» Problem to solve: All lines from the line containing "using conjunct1[OF conjunct2[OF F]]" up to and including the last line of the entries must be written out exactly, with no others.

[Start of Attachment]

(* Let $n\geq3$ and let $S_n$ act on $V=\mathbb{C}^n$ by its natural permutation representation. The subspace of $(H^{2,1}\oplus H^{2,0})^{S_n}$ consisting of elements supported only on the identity is one-dimensional, with basis $\sum_{1\leq i<j\leq n}(e_i-e_j)\otimes e_i^*\wedge e_j^*\otimes 1$.
   Context: $S_n$ acts by $\sigma e_i=e_{\sigma(i)}$; $e_i^*$ is the dual basis. For $g\in S_n$, let $V^g$ be its fixed space, $(V^g)^\perp$ its orthogonal complement (standard bilinear form), $c_g=\operatorname{codim}V^g$; identify $(V^g)^*$ with functionals vanishing on $(V^g)^\perp$ and $((V^g)^* )^\perp$ with functionals vanishing on $V^g$. Set $H^{2,d}_g=S^d(V^g)\otimes\bigwedge^{2-c_g}(V^g)^*\otimes\bigwedge^{c_g}((V^g)^* )^\perp\otimes\mathbb{C}g\subseteq S^d(V)\otimes\bigwedge^2V^*\otimes\mathbb{C}g$ (zero if $2-c_g<0$), and $H^{2,d}=\bigoplus_gH^{2,d}_g$, with $S_n$ acting diagonally ($h\cdot(f\otimes\omega\otimes g)=hf\otimes h\omega\otimes hgh^{-1}$). An element is supported only on the identity if all its components for $g\neq1$ vanish. (Note $H^{2,d}_1=S^d(V)\otimes\bigwedge^2V^*\otimes\mathbb{C}1$.) *)

theory Defs
  imports Complex_Main "HOL-Combinatorics.Permutations"
begin

text \<open>Model: V = C^n with standard basis e_0,...,e_{n-1}. Vectors and dual vectors are
  coefficient functions nat => complex vanishing outside {..<n}. A dual vector phi
  acts by phi(v) = sum_{a<n} phi a * v a (the standard bilinear form).
  Lambda^2 V^* is realised as antisymmetric bilinear forms (coefficient functions
  nat => nat => complex); an element of V (x) Lambda^2 V^* as nat => nat => nat => complex
  (first argument = vector index). S^0(V) = C and S^1(V) = V.
  Elements of the direct sums over g in S_n are functions on permutations.\<close>

definition vecs :: "nat \<Rightarrow> (nat \<Rightarrow> complex) set" where
  "vecs n = {v. \<forall>a. n \<le> a \<longrightarrow> v a = 0}"

definition bil :: "nat \<Rightarrow> (nat \<Rightarrow> complex) \<Rightarrow> (nat \<Rightarrow> complex) \<Rightarrow> complex" where
  "bil n u v = (\<Sum>a<n. u a * v a)"

text \<open>fixed space V^g (g e_a = e_{g a}, so g v = v iff v (g a) = v a for all a)\<close>
definition fixed_space :: "nat \<Rightarrow> (nat \<Rightarrow> nat) \<Rightarrow> (nat \<Rightarrow> complex) set" where
  "fixed_space n g = {v \<in> vecs n. \<forall>a<n. v (g a) = v a}"
lemma sigma_finite_bounded_exhaustion:
  fixes f :: "'a \<Rightarrow> 'b::real_normed_vector"
  assumes "sigma_finite_measure M" and f: "f \<in> borel_measurable M"
  obtains B :: "nat \<Rightarrow> 'a set" where "\<And>n. B n \<in> sets M" "\<And>n. emeasure M (B n) < \<infinity>"
    "\<And>n x. x \<in> B n \<Longrightarrow> norm (f x) \<le> n" "incseq B"
    "\<And>x. x \<in> space M \<Longrightarrow> \<exists>N. \<forall>n\<ge>N. x \<in> B n"
proof -
  obtain A :: "nat \<Rightarrow> 'a set" where A: "range A \<subseteq> sets M" "(\<Union>i. A i) = space M"
    "\<And>i. emeasure M (A i) \<noteq> \<infinity>" "incseq A"
    using sigma_finite_measure.sigma_finite_incseq[OF assms(1)] by metis
  define B where "B n = A n \<inter> ((\<lambda>x. norm (f x)) -` {..real n} \<inter> space M)" for n
  have bounded_part: "(\<lambda>x. norm (f x)) -` {..real n} \<inter> space M \<in> sets M" for n
    using measurable_sets[OF measurable_compose[OF f borel_measurable_norm]] by (simp add: comp_def)
  have B_sets: "B n \<in> sets M" for n
    unfolding B_def using A(1) bounded_part[of n] by (intro sets.Int[of "A n"]) blast+
  have B_finite: "emeasure M (B n) < \<infinity>" for n
  proof -
    have "emeasure M (B n) \<le> emeasure M (A n)"
      using A(1) by (intro emeasure_mono) (auto simp: B_def)
    then show ?thesis using A(3)[of n] by (simp add: less_top)
  qed
  have B_incseq: "incseq B"
    using A(4) by (auto simp: B_def incseq_def)
  have B_cover: "\<exists>N. \<forall>n\<ge>N. x \<in> B n" if "x \<in> space M" for x
  proof -
    have "x \<in> (\<Union>i. A i)" using that A(2) by simp
    then obtain i where "x \<in> A i" by blast
    have "x \<in> B n" if "i \<le> n" and "nat \<lceil>norm (f x)\<rceil> \<le> n" for n
    proof -
      have "x \<in> A n" using \<open>x \<in> A i\<close> incseqD[OF A(4) \<open>i \<le> n\<close>] by blast
      moreover have "norm (f x) \<le> real n"
        using real_nat_ceiling_ge[of "norm (f x)"] that(2) by (meson of_nat_le_iff order_trans)
      ultimately show ?thesis using \<open>x \<in> space M\<close> by (simp add: B_def)
    qed
    then show ?thesis by (intro exI[of _ "max i (nat \<lceil>norm (f x)\<rceil>)"]) simp
  qed
  have B_norm: "norm (f x) \<le> n" if "x \<in> B n" for n x
    using that by (simp add: B_def)
  show thesis by (rule that[OF B_sets B_finite B_norm B_incseq B_cover])
qed

section \<open>Dominating functions\<close>

lemma ennreal_tendsto_zeroI:
  assumes "\<And>e. 0 < e \<Longrightarrow> eventually (\<lambda>n. f n \<le> ennreal e) F"
  shows "(f \<longlongrightarrow> (0::ennreal)) F"
proof (rule order_tendstoI)
  fix a :: ennreal
  assume "0 < a"
  then obtain b where "0 < b" "b < a" using dense by blast
  then obtain e where "0 < e" "ennreal e < a"
    by (cases b) (auto simp: top_unique)
  with assms[of e] show "eventually (\<lambda>n. f n < a) F"
    by (auto elim: eventually_mono)
qed simp

lemma Lb_subset_Lrho: "Lb M \<rho> \<subseteq> Lrho M \<rho>"
  by (auto simp: Lb_def)

lemma dominating_funD:
  assumes "dominating_fun M \<rho> g" "\<And>n. gs n \<in> borel_measurable M"
    "\<And>n. AE x in M. gs (Suc n) x \<le> gs n x" "AE x in M. gs 0 x \<le> g x"
    "AE x in M. (\<lambda>n. gs n x) \<longlonglongrightarrow> 0"
  shows "(\<lambda>n. \<rho> (gs n)) \<longlonglongrightarrow> 0"
  using assms unfolding dominating_fun_def by blast

lemma AE_decseq_le_0:
  assumes "\<And>n. AE x in M. gs (Suc n) x \<le> (gs n x :: 'b::preorder)"
  shows "AE x in M. gs n x \<le> gs 0 x"
proof -
  have "AE x in M. \<forall>n. gs (Suc n) x \<le> gs n x" using assms by (simp add: AE_all_countable)
  then show ?thesis
    by eventually_elim (auto intro: lift_Suc_antimono_le[of "\<lambda>n. gs n _"])
qed

lemma tendsto_rho_tails:
  assumes g: "dominating_fun M \<rho> g" and B: "\<And>n. B n \<in> sets M" "incseq B"
    and cover: "\<And>x. x \<in> space M \<Longrightarrow> \<exists>N. \<forall>n\<ge>N. x \<in> B n"
  shows "(\<lambda>n. \<rho> (\<lambda>x. g x * indicator (space M - B n) x)) \<longlonglongrightarrow> 0"
proof (rule dominating_funD[OF g])
  show "(\<lambda>x. g x * indicator (space M - B n) x) \<in> borel_measurable M" for n
    using g B(1) by (intro borel_measurable_times_ennreal borel_measurable_indicator)
      (auto simp: dominating_fun_def)
  show "AE x in M. g x * indicator (space M - B (Suc n)) x \<le> g x * indicator (space M - B n) x" for n
    using B(2) by (intro AE_I2) (auto simp: incseq_Suc_iff indicator_def)
  show "AE x in M. (\<lambda>n. g x * indicator (space M - B n) x) \<longlonglongrightarrow> 0"
  proof (rule AE_I2)
    fix x
    assume "x \<in> space M"
    then obtain N where "\<forall>n\<ge>N. x \<in> B n" using cover by blast
    then have "eventually (\<lambda>n. g x * indicator (space M - B n) x = 0) sequentially"
      unfolding eventually_sequentially by (intro exI[of _ N]) simp
    then show "(\<lambda>n. g x * indicator (space M - B n) x) \<longlonglongrightarrow> 0" by (rule tendsto_eventually)
  qed
qed (simp add: indicator_def)

locale function_quasi_norm_space =
  fixes M :: "'a measure" and \<rho> :: "('a \<Rightarrow> ennreal) \<Rightarrow> ennreal" and \<kappa> :: real
  assumes rho_scale: "f \<in> borel_measurable M \<Longrightarrow> 0 \<le> t \<Longrightarrow>
      \<rho> (\<lambda>x. ennreal t * f x) = ennreal t * \<rho> f"
    and rho_mono: "f \<in> borel_measurable M \<Longrightarrow> g \<in> borel_measurable M \<Longrightarrow>
      (AE x in M. f x \<le> g x) \<Longrightarrow> \<rho> f \<le> \<rho> g"
    and rho_indicator_finite: "E \<in> sets M \<Longrightarrow> emeasure M E < \<infinity> \<Longrightarrow> \<rho> (indicator E) < \<infinity>"
    and rho_quasi_triangle: "f \<in> borel_measurable M \<Longrightarrow> g \<in> borel_measurable M \<Longrightarrow>
      \<rho> (\<lambda>x. f x + g x) \<le> ennreal \<kappa> * (\<rho> f + \<rho> g)"
    and kappa_pos: "0 < \<kappa>"

lemma function_quasi_norm_space_exists:
  assumes "function_quasi_norm M \<rho>"
  obtains \<kappa> where "function_quasi_norm_space M \<rho> \<kappa>"
proof -
  note F = assms[unfolded function_quasi_norm_def]
  obtain k :: real where k: "\<forall>f\<in>borel_measurable M. \<forall>g\<in>borel_measurable M.
      \<rho> (\<lambda>x. f x + g x) \<le> ennreal k * (\<rho> f + \<rho> g)"
    using conjunct2[OF conjunct2[OF conjunct2[OF conjunct2[OF F]]]] by blast
  have "function_quasi_norm_space M \<rho> (max k 1)"
  proof
    show "\<rho> (\<lambda>x. ennreal t * f x) = ennreal t * \<rho> f" if "f \<in> borel_measurable M" "0 \<le> t" for f t
      using conjunct1[OF F] that by blast
    show "\<rho> f \<le> \<rho> g" if "f \<in> borel_measurable M" "g \<in> borel_measurable M"
      "AE x in M. f x \<le> g x" for f g
      using conjunct1[OF conjunct2[OF F]] that by blast
    show "\<rho> (indicator E) < \<infinity>" if "E \<in> sets M" "emeasure M E < \<infinity>" for E
      using conjunct1[OF conjunct2[OF conjunct2[OF F]]] that by blast
    show "\<rho> (\<lambda>x. f x + g x) \<le> ennreal (max k 1) * (\<rho> f + \<rho> g)"
      if "f \<in> borel_measurable M" "g \<in> borel_measurable M" for f g
      using k that order_trans[OF _ mult_right_mono[of "ennreal k" "ennreal (max k 1)"]] by simp
  qed simp
  then show thesis by (rule that)
qed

[End of Attachment]

» Response area:
      using conjunct1[OF conjunct2[OF F]] that by blast
    show "\<rho> (indicator E) < \<infinity>" if "E \<in> sets M" "emeasure M E < \<infinity>" for E
      using conjunct1[OF conjunct2[OF conjunct2[OF F]]] that by blast
    show "\<rho> (\<lambda>x. f x + g x) \<le> ennreal (max k 1) * (\<rho> f + \<rho> g)"
      if "f \<in> borel_measurable M" "g \<in> borel_measurable M" for f g
      using k that order_trans[OF _ mult_right_mono[of "ennreal k" "ennreal (max k 1)"]] by simp
  qed simp
  then show thesis by (rule that)
qed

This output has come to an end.